━━━ Records for the exercise

(* For every $n\ge 3$ and every field $\mathrm{k}$ of characteristic zero, the pre-WDVV ring $R_n$ is a Koszul algebra.
   Context: A stable $2$-partition of $\{1,\dots,n\}$ is an unordered partition $\sigma=S_1/S_2$ of $\{1,\dots,n\}$ into two blocks with $|S_1|,|S_2|\ge 2$; $P_n$ denotes the set of these. For $\sigma=S_1/S_2$, $\tau=T_1/T_2$ in $P_n$, $a(\sigma,\tau)$ is the number of nonempty pairwise distinct sets among $S_i\cap T_j$, $1\le i,j\le 2$. The pre-WDVV ring is the standard graded algebra $R_n=\mathrm{k}[x_\sigma:\sigma\in P_n]/J_n$, where $J_n$ is the ideal generated by all products $x_\sigma x_\tau$ with $a(\sigma,\tau)=4$. *)

theory Defs
  imports Main "HOL-Library.Poly_Mapping"
begin

type_synonym ('v, 'k) mpoly = "(('v \<Rightarrow>\<^sub>0 nat) \<Rightarrow>\<^sub>0 'k)"

definition var :: "'v \<Rightarrow> ('v, 'k::comm_ring_1) mpoly" where
  "var v = Poly_Mapping.single (Poly_Mapping.single v 1) 1"

definition poly_over :: "'v set \<Rightarrow> ('v, 'k::comm_ring_1) mpoly \<Rightarrow> bool" where
  "poly_over V p \<longleftrightarrow> (\<forall>m \<in> Poly_Mapping.keys p. Poly_Mapping.keys m \<subseteq> V)"

definition homog :: "nat \<Rightarrow> ('v, 'k::comm_ring_1) mpoly \<Rightarrow> bool" where
  "homog d p \<longleftrightarrow> (\<forall>m \<in> Poly_Mapping.keys p. (\<Sum>v\<in>Poly_Mapping.keys m. Poly_Mapping.lookup m v) = d)"

definition gen_ideal :: "'v set \<Rightarrow> ('v, 'k::comm_ring_1) mpoly set \<Rightarrow> ('v, 'k) mpoly set" where
  "gen_ideal V G = {p. \<exists>c. (\<forall>g\<in>G. poly_over V (c g)) \<and> p = (\<Sum>g\<in>G. c g * g)}"

text \<open>R is Koszul iff the residue field k = R/R_+ has a linear graded free resolution
  ... -> R(-2)^(b 2) -> R(-1)^(b 1) -> R^(b 0) = R -> k -> 0 ,
  i.e. all differentials are matrices of linear forms.  Modules over R are written as
  modules over the polynomial ring modulo J: the differential M i (entries M i r c,
  r < b (i-1), c < b i) is given by linear forms of the polynomial ring, and
  equalities in R^b are equalities modulo J componentwise.\<close>
definition koszul_quotient :: "'v set \<Rightarrow> ('v, 'k::comm_ring_1) mpoly set \<Rightarrow> bool" where
  "koszul_quotient V J \<longleftrightarrow>
    (\<exists>(b :: nat \<Rightarrow> nat) (M :: nat \<Rightarrow> nat \<Rightarrow> nat \<Rightarrow> ('v, 'k) mpoly).
       b 0 = 1 \<and>
       \<comment> \<open>differentials are homogeneous of degree 0 between R(-i)^(b i) and R(-(i-1))^(b (i-1))\<close>
       (\<forall>i\<ge>1. \<forall>r<b (i - 1). \<forall>c<b i. poly_over V (M i r c) \<and> homog 1 (M i r c)) \<and>
       \<comment> \<open>exactness at R^(b 0): image of d_1 is the kernel R_+ of the augmentation R -> k\<close>
       (\<forall>p. poly_over V p \<longrightarrow>
          (p \<in> gen_ideal V (var ` V) \<longleftrightarrow>
           (\<exists>u. (\<forall>c<b 1. poly_over V (u c)) \<and> p - (\<Sum>c<b 1. M 1 0 c * u c) \<in> J))) \<and>
       \<comment> \<open>d_i o d_(i+1) = 0 in R\<close>
       (\<forall>i\<ge>1. \<forall>r<b (i - 1). \<forall>c<b (i + 1).
          (\<Sum>j<b i. M i r j * M (i + 1) j c) \<in> J) \<and>
       \<comment> \<open>exactness at R^(b i), i >= 1: ker d_i = im d_(i+1)\<close>
       (\<forall>i\<ge>1. \<forall>u. (\<forall>j<b i. poly_over V (u j)) \<and>
              (\<forall>r<b (i - 1). (\<Sum>j<b i. M i r j * u j) \<in> J) \<longrightarrow>
          (\<exists>w. (\<forall>c<b (i + 1). poly_over V (w c)) \<and>
               (\<forall>j<b i. u j - (\<Sum>c<b (i + 1). M (i + 1) j c * w c) \<in> J))))"

text \<open>An unordered partition S1/S2 is represented as the set {S1, S2}.\<close>
definition P :: "nat \<Rightarrow> nat set set set" where
  "P n = {{S1, S2} | S1 S2. S1 \<union> S2 = {1..n} \<and> S1 \<inter> S2 = {} \<and> card S1 \<ge> 2 \<and> card S2 \<ge> 2}"

definition a :: "nat set set \<Rightarrow> nat set set \<Rightarrow> nat" where
  "a \<sigma> \<tau> = card ({S \<inter> T | S T. S \<in> \<sigma> \<and> T \<in> \<tau>} - {{}})"

definition J :: "nat \<Rightarrow> (nat set set, 'k::comm_ring_1) mpoly set" where
  "J n = gen_ideal (P n) {var \<sigma> * var \<tau> | \<sigma> \<tau>. \<sigma> \<in> P n \<and> \<tau> \<in> P n \<and> a \<sigma> \<tau> = 4}"

definition preWDVV_koszul :: "'k::comm_ring_1 itself \<Rightarrow> nat \<Rightarrow> bool" where
  "preWDVV_koszul _ n \<longleftrightarrow> koszul_quotient (P n) (J n :: (nat set set, 'k) mpoly set)"

end

theory Submission
  imports Defs
begin

text \<open>\<open>J\<^sub>n\<close> is generated by quadratic monomials, and every quotient \<open>R = S/J\<close> of a polynomial ring
  \<open>S = k[x\<^sub>v : v \<in> V]\<close> by quadratic monomials \<open>x\<^sub>u x\<^sub>v\<close> is Koszul (Froberg).
  For \<open>T \<subseteq> V\<close> let \<open>I\<^sub>T = (x\<^sub>t : t \<in> T) + J\<close>. For \<open>v \<notin> T\<close> the colon ideal \<open>I\<^sub>T : x\<^sub>v\<close> is again of
  this form, namely \<open>I\<^bsub>T \<union> N(v)\<^esub>\<close> with \<open>N(v)\<close> the neighbours of \<open>v\<close> in the graph of \<open>J\<close>. So if \<open>v\<close>
  is the last element of \<open>T\<close> (in a fixed order), the exact sequence
  \<open>0 \<rightarrow> R/I\<^bsub>T - {v} \<union> N(v)\<^esub>(-1) \<rightarrow> R/I\<^bsub>T - {v}\<^esub> \<rightarrow> R/I\<^sub>T \<rightarrow> 0\<close> (the first map is multiplication by \<open>x\<^sub>v\<close>)
  exhibits a resolution of \<open>R/I\<^sub>T\<close> as the mapping cone of a chain map lifting \<open>x\<^sub>v\<close> between
  resolutions of the two smaller quotients. By induction on the homological degree and on \<open>T\<close>,
  all these iterated cones are linear resolutions: the chain maps can be chosen linear because
  the relevant cycles are homogeneous and \<open>J\<close> is a homogeneous ideal. For \<open>T = V\<close> this is a linear
  resolution of \<open>k = R/I\<^sub>V\<close>.\<close>

lemma keys_add_nat: "Poly_Mapping.keys (m1 + m2) = Poly_Mapping.keys m1 \<union> Poly_Mapping.keys (m2 :: 'a \<Rightarrow>\<^sub>0 nat)"
  by (auto simp: in_keys_iff lookup_add)

lemma poly_over_zero [simp]: "poly_over V 0"
  by (simp add: poly_over_def)

lemma poly_over_one [simp]: "poly_over V 1"
  by (simp add: poly_over_def)

lemma poly_over_add [intro]: "poly_over V p \<Longrightarrow> poly_over V q \<Longrightarrow> poly_over V (p + q)"
  unfolding poly_over_def by (metis (no_types) UnE keys_add subsetD)

lemma poly_over_uminus [intro]: "poly_over V p \<Longrightarrow> poly_over V (- p)"
  by (simp add: poly_over_def)

lemma poly_over_diff [intro]: "poly_over V p \<Longrightarrow> poly_over V q \<Longrightarrow> poly_over V (p - q)"
  unfolding poly_over_def by (metis (no_types) UnE keys_diff subsetD)

lemma poly_over_mult [intro]: "poly_over V p \<Longrightarrow> poly_over V q \<Longrightarrow> poly_over V (p * q)"
  unfolding poly_over_def using keys_mult by (fastforce simp: keys_add_nat)

lemma poly_over_sum [intro]: "(\<And>i. i \<in> S \<Longrightarrow> poly_over V (f i)) \<Longrightarrow> poly_over V (sum f S)"
  by (induction S rule: infinite_finite_induct) auto

lemma poly_over_single [intro]: "Poly_Mapping.keys m \<subseteq> V \<Longrightarrow> poly_over V (Poly_Mapping.single m c)"
  by (simp add: poly_over_def)

lemma poly_over_var [intro]: "v \<in> V \<Longrightarrow> poly_over V (var v)"
  by (simp add: var_def poly_over_def)

lemma inj_var: "inj (var :: 'v \<Rightarrow> ('v, 'k::comm_ring_1) mpoly)"
proof
  fix x y assume "(var x :: ('v, 'k) mpoly) = var y"
  then have "Poly_Mapping.lookup (var x :: ('v, 'k) mpoly) (Poly_Mapping.single x 1)
      = Poly_Mapping.lookup (var y :: ('v, 'k) mpoly) (Poly_Mapping.single x 1)" by simp
  then have "Poly_Mapping.single y (1::nat) = Poly_Mapping.single x 1"
    by (simp add: var_def lookup_single when_def split: if_splits)
  then show "x = y" by (metis lookup_single_eq lookup_single_not_eq one_neq_zero)
qed

definition monom_degree :: "('v \<Rightarrow>\<^sub>0 nat) \<Rightarrow> nat" where
  "monom_degree m = (\<Sum>v\<in>Poly_Mapping.keys m. Poly_Mapping.lookup m v)"

lemma monom_degree_add [simp]: "monom_degree (m1 + m2) = monom_degree m1 + monom_degree m2"
  unfolding monom_degree_def by (rule setsum_keys_plus_distrib) simp_all

lemma monom_degree_single [simp]: "monom_degree (Poly_Mapping.single v k) = k"
  by (simp add: monom_degree_def)

lemma homog_iff_monom_degree: "homog d p \<longleftrightarrow> (\<forall>m\<in>Poly_Mapping.keys p. monom_degree m = d)"
  by (simp add: homog_def monom_degree_def)

lemma homog_zero [simp]: "homog d 0"
  by (simp add: homog_iff_monom_degree)

lemma homog_add [intro]: "homog d p \<Longrightarrow> homog d q \<Longrightarrow> homog d (p + q)"
  unfolding homog_iff_monom_degree by (metis (no_types) UnE keys_add subsetD)

lemma homog_diff [intro]: "homog d p \<Longrightarrow> homog d q \<Longrightarrow> homog d (p - q)"
  unfolding homog_iff_monom_degree by (metis (no_types) UnE keys_diff subsetD)

lemma homog_sum [intro]: "(\<And>i. i \<in> S \<Longrightarrow> homog d (f i)) \<Longrightarrow> homog d (sum f S)"
  by (induction S rule: infinite_finite_induct) auto

lemma homog_mult [intro]: "homog d1 p \<Longrightarrow> homog d2 q \<Longrightarrow> homog (d1 + d2) (p * q)"
  unfolding homog_iff_monom_degree using keys_mult by fastforce

lemma homog_var [simp, intro]: "homog (Suc 0) (var v)"
  by (simp add: homog_iff_monom_degree var_def)

definition homog_comp :: "nat \<Rightarrow> ('v, 'k::comm_ring_1) mpoly \<Rightarrow> ('v, 'k) mpoly" where
  "homog_comp d p = Abs_poly_mapping (\<lambda>m. if monom_degree m = d then Poly_Mapping.lookup p m else 0)"

lemma lookup_homog_comp:
  "Poly_Mapping.lookup (homog_comp d p) m = (if monom_degree m = d then Poly_Mapping.lookup p m else 0)"
proof -
  have "finite {m. (if monom_degree m = d then Poly_Mapping.lookup p m else 0) \<noteq> 0}"
    by (rule finite_subset[OF _ finite_lookup[of p]]) auto
  then show ?thesis unfolding homog_comp_def by simp
qed

lemma poly_over_homog_comp [intro]: "poly_over V p \<Longrightarrow> poly_over V (homog_comp d p)"
  unfolding poly_over_def by (auto simp: in_keys_iff lookup_homog_comp split: if_splits)

lemma homog_homog_comp [intro]: "homog d (homog_comp d p)"
  by (auto simp: homog_iff_monom_degree in_keys_iff lookup_homog_comp split: if_splits)

lemma homog_comp_diff: "homog_comp d (p - q) = homog_comp d p - homog_comp d q"
  by (rule poly_mapping_eqI) (simp add: lookup_homog_comp lookup_minus)

lemma homog_comp_zero [simp]: "homog_comp d 0 = 0"
  by (rule poly_mapping_eqI) (simp add: lookup_homog_comp)

lemma homog_comp_add: "homog_comp d (p + q) = homog_comp d p + homog_comp d q"
  by (rule poly_mapping_eqI) (simp add: lookup_homog_comp lookup_add)

lemma homog_comp_sum: "homog_comp d (sum f S) = (\<Sum>i\<in>S. homog_comp d (f i))"
proof (induction S rule: infinite_finite_induct)
  case (insert x F)
  then show ?case by (simp add: homog_comp_add)
qed simp_all

lemma homog_comp_homog: "homog e p \<Longrightarrow> homog_comp d p = (if e = d then p else 0)"
  by (rule poly_mapping_eqI) (auto simp: lookup_homog_comp homog_iff_monom_degree in_keys_iff)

━━━━━━

Nothing but the lines from the one with "add: lookup_homog_comp lookup_minus)" through the final line of the data belongs in the answer, and they must match exactly.

  by (rule poly_mapping_eqI) (simp add: lookup_homog_comp lookup_minus)

lemma homog_comp_zero [simp]: "homog_comp d 0 = 0"
  by (rule poly_mapping_eqI) (simp add: lookup_homog_comp)

lemma homog_comp_add: "homog_comp d (p + q) = homog_comp d p + homog_comp d q"
  by (rule poly_mapping_eqI) (simp add: lookup_homog_comp lookup_add)

lemma homog_comp_sum: "homog_comp d (sum f S) = (\<Sum>i\<in>S. homog_comp d (f i))"
proof (induction S rule: infinite_finite_induct)
  case (insert x F)
  then show ?case by (simp add: homog_comp_add)
qed simp_all

lemma homog_comp_homog: "homog e p \<Longrightarrow> homog_comp d p = (if e = d then p else 0)"
  by (rule poly_mapping_eqI) (auto simp: lookup_homog_comp homog_iff_monom_degree in_keys_iff)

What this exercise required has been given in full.